Short- and long-term avalanche dynamics in 1D-printed microfluidic crystals

TL;DR

This study investigates the avalanche-like collapse of 1D microfluidic crystal chains of monodisperse water-in-oil droplets, revealing dynamics influenced by substrate roughness and packing fraction, with implications for microfluidic printing.

Contribution

It provides the first detailed analysis of avalanche dynamics in 1D microfluidic crystals, including effects of substrate roughness and packing density.

Findings

Collapse waves propagate with variable acceleration or deceleration.

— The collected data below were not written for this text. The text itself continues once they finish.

lemma choose2_real: "real (a choose 2) = real a * (real a - 1) / 2"
  by (induction a) (auto simp: numeral_2_eq_2 algebra_simps add_divide_distrib)

lemma choose3_real: "real (a choose 3) = real a * (real a - 1) * (real a - 2) / 6"
proof (induction a)
  case (Suc a)
  have "Suc a choose 3 = (a choose 2) + (a choose 3)"
    by (simp add: numeral_3_eq_3 numeral_2_eq_2)
  then show ?case
    using Suc choose2_real[of a] by (simp add: field_simps)
qed simp

lemma choose4_real: "real (a choose 4) = real a * (real a - 1) * (real a - 2) * (real a - 3) / 24"
proof (induction a)
  case (Suc a)
  have "Suc a choose 4 = (a choose 3) + (a choose 4)"
    by (simp add: eval_nat_numeral)
  then show ?case
    using Suc choose3_real[of a] by (simp add: field_simps)
qed simp

section \<open>Sides of an edge\<close>

text \<open>For p < q the orientation of p q r is read off the page of the longest of the edges pq, qr, rp.\<close>

definition left_of_edge :: "(nat \<Rightarrow> nat \<Rightarrow> bool) \<Rightarrow> nat \<Rightarrow> nat \<Rightarrow> nat \<Rightarrow> bool" where
  "left_of_edge up p q r = (if r < p then up r q else if r < q then \<not> up p q else up p r)"

lemma ccw_eq_left_of_edge:
  assumes "p < q" "r \<noteq> p" "r \<noteq> q"
  shows "ccw up p q r = left_of_edge up p q r"
  using assms unfolding ccw_def left_of_edge_def Let_def by (auto simp: min_def max_def)

definition left_count :: "(nat \<Rightarrow> nat \<Rightarrow> bool) \<Rightarrow> nat \<Rightarrow> nat \<Rightarrow> nat \<Rightarrow> nat \<Rightarrow> nat" where
  "left_count up a b p q = (\<Sum>r=a..b. if r \<noteq> p \<and> r \<noteq> q \<and> left_of_edge up p q r then 1 else 0)"

text \<open>The k of the edge pq in the subdrawing induced by the spine vertices a, ..., b.\<close>

definition edge_k :: "(nat \<Rightarrow> nat \<Rightarrow> bool) \<Rightarrow> nat \<Rightarrow> nat \<Rightarrow> nat \<Rightarrow> nat \<Rightarrow> nat" where
  "edge_k up a b p q = min (left_count up a b p q) (b - Suc a - left_count up a b p q)"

Coarse-grained dynamics are initially linear in time, then plateau.

Roughened substrates can prevent collapse.

Abstract

We report arrays of monodisperse water-in-oil microdroplets printed onto a substrate in a form of a compact linear chain -- a 1D-crystal -- pinned at one end. The chain spontaneously collapses under capillary forces via a sequence of avalanche-like rearrangement waves, resembling the rearrangements in a flowing microfluidic crystal, yet limited by the hydrodynamic friction at the substrate. While the propagation of the subsequent waves, separated by highly ordered metastable states, is either accelerating or decelerating depending on the direction of collapse, the coarse-grained dynamics of multiple waves -- at moderate packing fractions $\phi$ -- is initially linear in time, before leveling off. We further demonstrate how the collapse can be prevented via the use of a roughened substrate. Our study provides insight into the short- and long-term avalanche dynamics in granular systems with free interfaces and opens way to precision-printing of microfluidic assays.